An essential aspect of the method according to the invention is to be seen in that the presence of at least one dynamic braking operation is determined, depending on which at least one of the current state of wear of the electric parking brake indicating reference value is updated and the at least one updated reference value is evaluated to estimate the state of wear. As a result, the stress and the consequent wear of an electric parking brake and its components are estimated by dynamic braking processes. After determining an increased state of wear, for example, the driver of the vehicle can be displayed that a maintenance of the electric parking brake is required or individual functions of the electric parking brake, in particular a dynamic braking should be disabled depending on the state of wear. Thus, the reliability and safety of electric parking brakes is significantly increased.

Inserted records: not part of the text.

text \<open>Each run started from a cost bound \<open>c \<ge> C*\<close> returns a cost in \<open>[C*, c]\<close> whose expected
  excess over \<open>C*\<close> is at most \<open>q (c - C*)\<close> for a fixed \<open>q < 1\<close>. Conditionally on the seed of the
  first, unbounded run, the excess after \<open>n\<close> further runs therefore has expectation at most
  \<open>q\<^sup>n\<close> times the initial excess, so by Markov's inequality it stays above any \<open>1/k\<close> forever only
  with probability zero. As the costs decrease, they converge to \<open>C*\<close> almost surely, and almost
  sure convergence implies convergence in probability by dominated convergence.\<close>

lemma decseq_tendsto_lower_bound:
  fixes X :: "nat \<Rightarrow> real"
  assumes "decseq X" and "\<And>n. m \<le> X n" and "\<And>e. 0 < e \<Longrightarrow> \<exists>n. X n < m + e"
  shows "X \<longlonglongrightarrow> m"
proof (rule order_tendstoI)
  fix a assume "a < m"
  then show "\<forall>\<^sub>F n in sequentially. a < X n"
    using assms(2) by (auto intro: always_eventually less_le_trans)
next
  fix b assume "m < b"
  then obtain n0 where "X n0 < b" using assms(3)[of "b - m"] by auto
  then show "\<forall>\<^sub>F n in sequentially. X n < b"
    using \<open>decseq X\<close> unfolding eventually_sequentially decseq_def by (meson le_less_trans)
qed

lemma (in finite_measure) tendsto_in_measure_of_AE_tendsto:
  fixes X :: "nat \<Rightarrow> 'a \<Rightarrow> real"
  assumes [measurable]: "\<And>n. X n \<in> borel_measurable M" "l \<in> borel_measurable M"
    and conv: "AE x in M. (\<lambda>n. X n x) \<longlonglongrightarrow> l x" and "0 < \<epsilon>"
  shows "(\<lambda>n. measure M {x \<in> space M. \<epsilon> \<le> \<bar>X n x - l x\<bar>}) \<longlonglongrightarrow> 0"
proof -
  define D where "D n = {x \<in> space M. \<epsilon> \<le> \<bar>X n x - l x\<bar>}" for n
  have [measurable]: "D n \<in> sets M" for n unfolding D_def by measurable
  have "(\<lambda>n. \<integral>x. indicat_real (D n) x \<partial>M) \<longlonglongrightarrow> (\<integral>x. 0 \<partial>M)"
  proof (rule integral_dominated_convergence[where w="\<lambda>_. 1"])
    show "AE x in M. (\<lambda>n. indicator (D n) x :: real) \<longlonglongrightarrow> 0"
      using conv
    proof eventually_elim
      case (elim x)
      then have "\<forall>\<^sub>F n in sequentially. dist (X n x) (l x) < \<epsilon>"
        using \<open>0 < \<epsilon>\<close> by (rule tendstoD)
      then have "\<forall>\<^sub>F n in sequentially. indicator (D n) x = (0::real)"
        by eventually_elim (auto simp: D_def dist_real_def)
      then show ?case by (rule tendsto_eventually)
    qed
  qed auto
  then show ?thesis
    by (simp add: D_def[symmetric])
qed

Another advantage is the fact that at least one of the speed of the. Before, during or immediately after the activation of the electronic parking brake to determine the presence of a dynamic braking

Vehicle dependent first measurement signal, dependent on the deceleration of the vehicle second measurement signal, a dependent on the slip of the wheel to be braked third measurement signal and / or one of the generated by the electronic parking brake braking force fourth measurement signal generated and evaluated by the control system , Particularly advantageous reference values are the number of dynamic braking processes and / or the total braking force generated by the electric parking brake and / or the total slip generated by the electric parking brake and / or the total slip generated on the braked wheel and depending on the state of wear of the at least one electric parking brake estimated.

In the following, the invention will be explained in more detail with reference to an exemplary embodiment with reference to drawings. Show it:

Fig. 1 by way of example a block diagram of a control system for determining the state of wear of at least one electric parking brake and Fig. 2 to 5 by way of example several flowcharts with different embodiments of a control and evaluation routine for estimating the state of wear of an electric parking brake.

1 shows by way of example in a schematic block diagram an electric parking brake EPB with an integrated control system SS, which has a control unit CU and a storage unit MU connected thereto. In an alternative embodiment, that

Control system SS be arranged spatially separated from the electric parking brake EPB or integrated into an existing control unit of a vehicle (not shown in Figure 1).

The electric parking brake EPB can in this case be activated or actuated, for example, via at least one operating element provided in the vehicle (not shown in the figures).

In the control unit CU of the control system SS, the at least one electric parking brake EPB, in particular its brake components, is used to estimate the wear state VZ. th a control and evaluation routine SAR provided, which is executed in the control unit CU.

The electric parking brake EPB is provided in each case in addition to a conventional service brake of a vehicle. Normally, a dynamic braking of the vehicle takes place via the service brake and a static braking of the vehicle by means of the electric parking brake EPB. However, in specially predetermined driving situations or emergency situations, the electric parking brake EPB can be used additionally or alternatively to the dynamic braking of the vehicle.

The electric parking brake EPB has, for example, an electric motor gear unit EGE for generating a positioning force STF. The actuating force STF is transmitted by the electric motor gear unit EGE, for example, directly or indirectly to a brake mechanism unit BMU, which is in operative connection with the electric motor gear unit EGE, for example via a cable system SZS. Dependent on the force STF applied to the brake mechanism unit BMU, a braking force F is generated by the brake mechanism unit BMU, by means of which at least one wheel R of the vehicle is braked.

For example, a first to fourth measuring unit ME1-ME4 is connected to the control system SS, via which different parameters concerning the movement status of the vehicle, in particular its speed V, delay BV and / or the operating status of the electric parking brake EPB are measured and in the form of the first to fourth measurement signals msl - ms4 are transmitted to the control system SS, in particular the control unit CU. In this case, the deceleration BV of the vehicle or the slippage S of the wheels R can alternatively be derived from the determined speed V.

The transmission of the first to fourth measurement signals msl - ms4 takes place, for example, in each case via a wireless and / or wired interface. The in the control unit CU received first to fourth measurement signals msl - ms4 are evaluated by the control and evaluation routine SAR, further processed and optionally stored in the memory unit MU.

In order to estimate the wear state VZ of the at least one electric parking brake EPB, the presence of a dynamic braking process BVG is determined according to the invention, depending on which a current wear state VZ of the electric parking brake EPB indicative reference value A, GF, GBV, GS updated and the updated reference value A, GF, GBV, GS evaluated to estimate the state of wear VZ by the control and evaluation routine SAR.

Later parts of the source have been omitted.